Problem description: Determine how many lines in the records include "with". Write the number and nothing more.

Given data:
text \<open>Vitali covers \<open>S\<close>, up to a null set, by disjoint balls inside \<open>U\<close>; their concentric
  halves miss \<open>S\<close> and carry half of the measure of the cover.\<close>

lemma measure_le_half_if_avoids_half_cballs:
  fixes S U :: "real set"
  assumes S: "S \<in> lmeasurable" and U: "open U" "S \<subseteq> U" "U \<in> lmeasurable"
    and avoid: "\<And>x d. x \<in> S \<Longrightarrow> 0 < d \<Longrightarrow>
      \<exists>c r. 0 < r \<and> r < d \<and> x \<in> cball c r \<and> S \<inter> cball c (r / 2) = {}"
  shows "measure lebesgue S \<le> measure lebesgue U / 2"
proof -
  define K where
    "K = {i. 0 < snd i \<and> S \<inter> cball (fst i) (snd i / 2) = {} \<and> cball (fst i) (snd i) \<subseteq> U}"
  have K_pos: "\<And>i. i \<in> K \<Longrightarrow> 0 < snd i"
    by (simp add: K_def)
  have cover: "\<exists>i. i \<in> K \<and> x \<in> cball (fst i) (snd i) \<and> snd i < d" if x: "x \<in> S" and "0 < d" for x d
  proof -
    obtain e where e: "0 < e" "ball x e \<subseteq> U"
      using U(1,2) x open_contains_ball by blast
    obtain c r where cr: "0 < r" "r < min d (e / 2)" "x \<in> cball c r" "S \<inter> cball c (r / 2) = {}"
      using avoid[OF x, of "min d (e / 2)"] \<open>0 < d\<close> e(1) by auto
    have "cball c r \<subseteq> ball x e"
    proof
      fix y assume "y \<in> cball c r"
      then have "dist x y \<le> 2 * r"
        using cr(3) dist_triangle3[of x y c] by simp
      then show "y \<in> ball x e"
        using cr(2) by simp
    qed
    with cr e show ?thesis
      by (intro exI[of _ "(c, r)"]) (auto simp: K_def)
  qed
  obtain C where C: "countable C" "C \<subseteq> K"
      "pairwise (\<lambda>i j. disjnt (cball (fst i) (snd i)) (cball (fst j) (snd j))) C"
      "negligible (S - (\<Union>i\<in>C. cball (fst i) (snd i)))"
    using Vitali_covering_theorem_cballs[of K snd S fst, OF K_pos cover] by blast
  define W where "W = (\<Union>i\<in>C. cball (fst i) (snd i))"
  define H where "H = (\<Union>i\<in>C. cball (fst i) (snd i / 2))"
  have rpos: "\<And>i. i \<in> C \<Longrightarrow> 0 < snd i"
    using C(2) K_pos by blast
  have WU: "W \<subseteq> U" and SH: "S \<inter> H = {}"
    using C(2) unfolding W_def H_def K_def by blast+
  have HW: "H \<subseteq> W"
    unfolding W_def H_def using rpos by (intro UN_mono subset_cball) auto
  have W_sets: "W \<in> sets lebesgue" and H_sets: "H \<in> sets lebesgue"
    unfolding W_def H_def using C(1) by (auto intro!: sets.countable_UN'')
  have W: "W \<in> lmeasurable"
    by (rule fmeasurableI2[OF U(3) WU W_sets])
  have H: "H \<in> lmeasurable"
    by (rule fmeasurableI2[OF W HW H_sets])
  have "emeasure lebesgue W = 2 * emeasure lebesgue H"
    unfolding W_def H_def by (rule emeasure_UN_cballs_eq_twice_half_cballs[OF C(1) rpos C(3)])
  then have WH: "measure lebesgue W = 2 * measure lebesgue H"
    by (simp add: measure_def enn2real_mult)
  have "measure lebesgue S \<le> measure lebesgue ((S - W) \<union> (W - H))"
    using SH S fmeasurableD[OF S] W H
    by (intro measure_mono_fmeasurable fmeasurable.Un fmeasurable_Diff) auto
  also have "\<dots> \<le> measure lebesgue (S - W) + measure lebesgue (W - H)"
    using fmeasurableD[OF S] W_sets H_sets by (intro measure_Un_le sets.Diff)
  also have "\<dots> = measure lebesgue W - measure lebesgue H"
    using C(4) measurable_measure_Diff[OF W H_sets HW]
    by (simp add: W_def negligible_iff_measure)
  also have "\<dots> \<le> measure lebesgue U / 2"
    using WH measure_mono_fmeasurable[OF WU W_sets U(3)] by simp
  finally show ?thesis .
qed

lemma negligible_if_avoids_half_cballs:
  fixes S :: "real set"
  assumes S: "S \<in> lmeasurable"
    and avoid: "\<And>x d. x \<in> S \<Longrightarrow> 0 < d \<Longrightarrow>
      \<exists>c r. 0 < r \<and> r < d \<and> x \<in> cball c r \<and> S \<inter> cball c (r / 2) = {}"
  shows "negligible S"
proof -
  have S_sets: "S \<in> sets lebesgue"
    using S by (rule fmeasurableD)
  have "measure lebesgue S \<le> e" if e: "0 < e" for e
  proof -
    obtain U where U: "open U" "S \<subseteq> U" "U - S \<in> lmeasurable" "emeasure lebesgue (U - S) < ennreal e"
      using sets_lebesgue_outer_open[OF S_sets e] by blast
    have UL: "U \<in> lmeasurable"
      using fmeasurable_Diff_D[OF U(3) S U(2)] .
    have "measure lebesgue (U - S) < e"
      using U(4) emeasure_eq_measure2[OF U(3)] e by (simp add: ennreal_less_iff)
    then have "measure lebesgue U \<le> measure lebesgue S + e"
      using measurable_measure_Diff[OF UL _ U(2)] S by auto
    moreover have "measure lebesgue S \<le> measure lebesgue U / 2"
      using measure_le_half_if_avoids_half_cballs[OF S U(1,2) UL avoid] by blast
    ultimately show ?thesis by linarith
  qed
  then have "measure lebesgue S = 0"
    by (meson measure_nonneg dense_le_bounded order_antisym not_le)
  with S show ?thesis by (simp add: negligible_iff_measure)
qed

lemma measure_eq_1_iff_negligible_Diff:
  fixes A :: "real set"
  assumes A: "A \<in> sets lebesgue" "A \<subseteq> {0..1}"
  shows "measure lebesgue A = 1 \<longleftrightarrow> negligible ({0..1} - A)"
proof -
  have unit: "{0..1::real} \<in> lmeasurable" by simp
  then have "{0..1} - A \<in> lmeasurable"
    using A(1) by (rule fmeasurable_Diff)
  moreover have "measure lebesgue ({0..1} - A) = 1 - measure lebesgue A"
    using measurable_measure_Diff[OF unit A] by simp
  ultimately show ?thesis by (auto simp: negligible_iff_measure)
qed

lemma dist_nint_eq: "dist_nint y = \<bar>y - of_int (round y)\<bar>"
  unfolding dist_nint_def
proof (rule antisym)
  show "(INF k\<in>\<int>. \<bar>y - k\<bar>) \<le> \<bar>y - of_int (round y)\<bar>"
    by (rule cINF_lower) (auto intro: bdd_belowI[of _ 0])
  show "\<bar>y - of_int (round y)\<bar> \<le> (INF k\<in>\<int>. \<bar>y - k\<bar>)"
    by (rule cINF_greatest) (auto elim!: Ints_cases intro: round_diff_minimal)
qed

lemma dist_nint_le_iff: "dist_nint y \<le> r \<longleftrightarrow> (\<exists>k::int. \<bar>y - of_int k\<bar> \<le> r)"
  using round_diff_minimal[of y] by (auto simp: dist_nint_eq intro: order_trans)

lemma E_set_eq_UN_cball:
  "E_set I \<gamma> \<psi> q = {0..1} \<inter>
     (\<Union>a\<in>I q. \<Union>k::int. cball ((real a + \<gamma>) / real q + of_int k) (\<psi> q / real q))"
  by (auto simp: E_set_def dist_nint_le_iff dist_real_def algebra_simps; metis abs_minus_commute)

lemma E_set_sets: "E_set I \<gamma> \<psi> q \<in> sets lebesgue"
  unfolding E_set_eq_UN_cball by (intro sets.Int sets.countable_UN'' borel_closed) auto

lemma limsup_E_set_sets: "limsup (E_set I \<gamma> \<psi>) \<in> sets lebesgue"
  unfolding limsup_INF_SUP using E_set_sets by measurable

lemma limsup_E_set_subset: "limsup (E_set I \<gamma> \<psi>) \<subseteq> {0..1}"
  by (auto simp: mem_limsup_iff frequently_sequentially E_set_def)

text \<open>The centres of all intervals of all \<open>E\<^sub>q(\<gamma>)\<close>. A point of \<open>limsup E(\<gamma>)\<close> outside this
  countable set only meets intervals of positive radius.\<close>

definition shifted_fractions :: "real \<Rightarrow> real set" where
  "shifted_fractions \<gamma> =
     (\<lambda>(q, a, k). (real a + \<gamma>) / real q + of_int k) ` (UNIV :: (nat \<times> nat \<times> int) set)"

lemma negligible_shifted_fractions: "negligible (shifted_fractions \<gamma>)"
  unfolding shifted_fractions_def negligible_iff_null_sets
  by (intro null_sets_completionI countable_imp_null_set_lborel) simp

lemma half_cball_subset_E_set_shift:
  assumes "a \<in> I q" "0 < q" "\<bar>t\<bar> \<le> \<psi> q / 2"
  shows "{0..1} \<inter> cball ((real a + \<gamma>) / real q + of_int k) (\<psi> q / real q / 2)
           \<subseteq> E_set I (\<gamma> + t) \<psi> q" (is "_ \<inter> cball ?c _ \<subseteq> _")
proof
  fix y assume y: "y \<in> {0..1} \<inter> cball ?c (\<psi> q / real q / 2)"
  have "dist (?c + t / real q) ?c \<le> \<psi> q / real q / 2"
    using assms(2,3) by (simp add: dist_real_def field_simps)
  then have "dist (?c + t / real q) y \<le> \<psi> q / real q"
    using y dist_triangle[of "?c + t / real q" y ?c] by simp
  moreover have "(real a + (\<gamma> + t)) / real q + of_int k = ?c + t / real q"
    by (simp add: add_divide_distrib)
  ultimately have "y \<in> cball ((real a + (\<gamma> + t)) / real q + of_int k) (\<psi> q / real q)"
    by (simp add: add_ac)
  then show "y \<in> E_set I (\<gamma> + t) \<psi> q"
    unfolding E_set_eq_UN_cball using y assms(1) by blast
qed

lemma limsup_E_set_small_cball:
  assumes lim: "(\<lambda>q. \<psi> q / real q) \<longlonglongrightarrow> 0"
    and x: "x \<in> limsup (E_set I \<gamma> \<psi>)" "x \<notin> shifted_fractions \<gamma>" and "0 < d"
  obtains q a k where "n \<le> q" "0 < q" "a \<in> I q" "0 < \<psi> q / real q" "\<psi> q / real q < d"
    "x \<in> cball ((real a + \<gamma>) / real q + of_int k) (\<psi> q / real q)"
proof -
  obtain N where N: "\<And>q. q \<ge> N \<Longrightarrow> \<bar>\<psi> q / real q\<bar> < d"
    using lim \<open>0 < d\<close> by (auto simp: LIMSEQ_def dist_real_def)
  have "\<exists>q\<ge>max n (max N 1). x \<in> E_set I \<gamma> \<psi> q"
    using x(1) unfolding mem_limsup_iff frequently_sequentially by blast
  then obtain q where q: "max n (max N 1) \<le> q" "x \<in> E_set I \<gamma> \<psi> q"
    by blast
  then obtain a and k :: int where a: "a \<in> I q"
    and xk: "x \<in> cball ((real a + \<gamma>) / real q + of_int k) (\<psi> q / real q)"
    unfolding E_set_eq_UN_cball by blast
  have "(real a + \<gamma>) / real q + of_int k \<in> shifted_fractions \<gamma>"
    unfolding shifted_fractions_def by (rule image_eqI[of _ _ "(q, a, k)"]) auto
  then have "x \<noteq> (real a + \<gamma>) / real q + of_int k"
    using x(2) by blast
  then have "0 < \<psi> q / real q"
    using xk by (metis dist_pos_lt mem_cball order.strict_trans2)
  moreover have "\<psi> q / real q < d"
    using N[of q] q(1) abs_ge_self[of "\<psi> q / real q"] by simp
  ultimately show thesis
    using that[OF _ _ a _ _ xk] q(1) by simp
qed

lemma negligible_limsup_E_set_escaping_shift:
  assumes lim: "(\<lambda>q. \<psi> q / real q) \<longlonglongrightarrow> 0"
    and delta: "\<And>q. q \<ge> 1 \<Longrightarrow> \<psi> q \<noteq> 0 \<Longrightarrow> \<psi> q \<ge> \<delta>"
    and t: "\<bar>t\<bar> \<le> \<delta> / 2"
  shows "negligible {x \<in> limsup (E_set I \<gamma> \<psi>) - shifted_fractions \<gamma>.
                      \<forall>q\<ge>n. x \<notin> E_set I (\<gamma> + t) \<psi> q}"
    (is "negligible ?S")
proof (rule negligible_if_avoids_half_cballs)
  have "?S = limsup (E_set I \<gamma> \<psi>) - shifted_fractions \<gamma> - (\<Union>q\<in>{n..}. E_set I (\<gamma> + t) \<psi> q)"
    by blast
  then have "?S \<in> sets lebesgue"
    using limsup_E_set_sets negligible_shifted_fractions E_set_sets
    by (simp add: negligible_imp_sets sets.Diff sets.countable_UN'')
  moreover have "bounded ?S"
    by (rule bounded_subset[of "{0..1}"]) (use limsup_E_set_subset in auto)
  ultimately show "?S \<in> lmeasurable"
    by (simp add: bounded_set_imp_lmeasurable)
  fix x d :: real
  assume "x \<in> ?S" "0 < d"
  then obtain q a k where q: "n \<le> q" "0 < q" "a \<in> I q" "0 < \<psi> q / real q" "\<psi> q / real q < d"
    and xk: "x \<in> cball ((real a + \<gamma>) / real q + of_int k) (\<psi> q / real q)"
    using limsup_E_set_small_cball[OF lim] by blast
  have "\<psi> q \<noteq> 0"
    using q(4) by auto
  then have "\<bar>t\<bar> \<le> \<psi> q / 2"
    using delta[of q] q(2) t by simp
  with q(3,2) have "{0..1} \<inter> cball ((real a + \<gamma>) / real q + of_int k) (\<psi> q / real q / 2)
                     \<subseteq> E_set I (\<gamma> + t) \<psi> q"
    by (rule half_cball_subset_E_set_shift)
  then have "?S \<inter> cball ((real a + \<gamma>) / real q + of_int k) (\<psi> q / real q / 2) = {}"
    using q(1) limsup_E_set_subset[of I \<gamma> \<psi>] by blast
  with q(4,5) xk show "\<exists>c r. 0 < r \<and> r < d \<and> x \<in> cball c r \<and> ?S \<inter> cball c (r / 2) = {}"
    by blast
qed

lemma negligible_Diff_limsup_E_set_small_shift:
  assumes lim: "(\<lambda>q. \<psi> q / real q) \<longlonglongrightarrow> 0"
    and delta: "\<And>q. q \<ge> 1 \<Longrightarrow> \<psi> q \<noteq> 0 \<Longrightarrow> \<psi> q \<ge> \<delta>"
    and t: "\<bar>t\<bar> \<le> \<delta> / 2"
    and full: "negligible ({0..1} - limsup (E_set I \<gamma> \<psi>))"
  shows "negligible ({0..1} - limsup (E_set I (\<gamma> + t) \<psi>))"
proof (rule negligible_subset)
  let ?S = "\<lambda>n. {x \<in> limsup (E_set I \<gamma> \<psi>) - shifted_fractions \<gamma>. \<forall>q\<ge>n. x \<notin> E_set I (\<gamma> + t) \<psi> q}"
  show "negligible (({0..1} - limsup (E_set I \<gamma> \<psi>)) \<union> shifted_fractions \<gamma> \<union> (\<Union>n. ?S n))"
    using full negligible_shifted_fractions negligible_limsup_E_set_escaping_shift[OF lim delta t]
    by (intro negligible_Un negligible_countable_Union) auto
  show "{0..1} - limsup (E_set I (\<gamma> + t) \<psi>)
        \<subseteq> ({0..1} - limsup (E_set I \<gamma> \<psi>)) \<union> shifted_fractions \<gamma> \<union> (\<Union>n. ?S n)"
  proof
    fix x assume x: "x \<in> {0..1} - limsup (E_set I (\<gamma> + t) \<psi>)"
    then obtain n where "\<forall>q\<ge>n. x \<notin> E_set I (\<gamma> + t) \<psi> q"
      by (auto simp: mem_limsup_iff frequently_sequentially)
    with x show "x \<in> ({0..1} - limsup (E_set I \<gamma> \<psi>)) \<union> shifted_fractions \<gamma> \<union> (\<Union>n. ?S n)"
      by blast
  qed
qed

Solution to this task: 5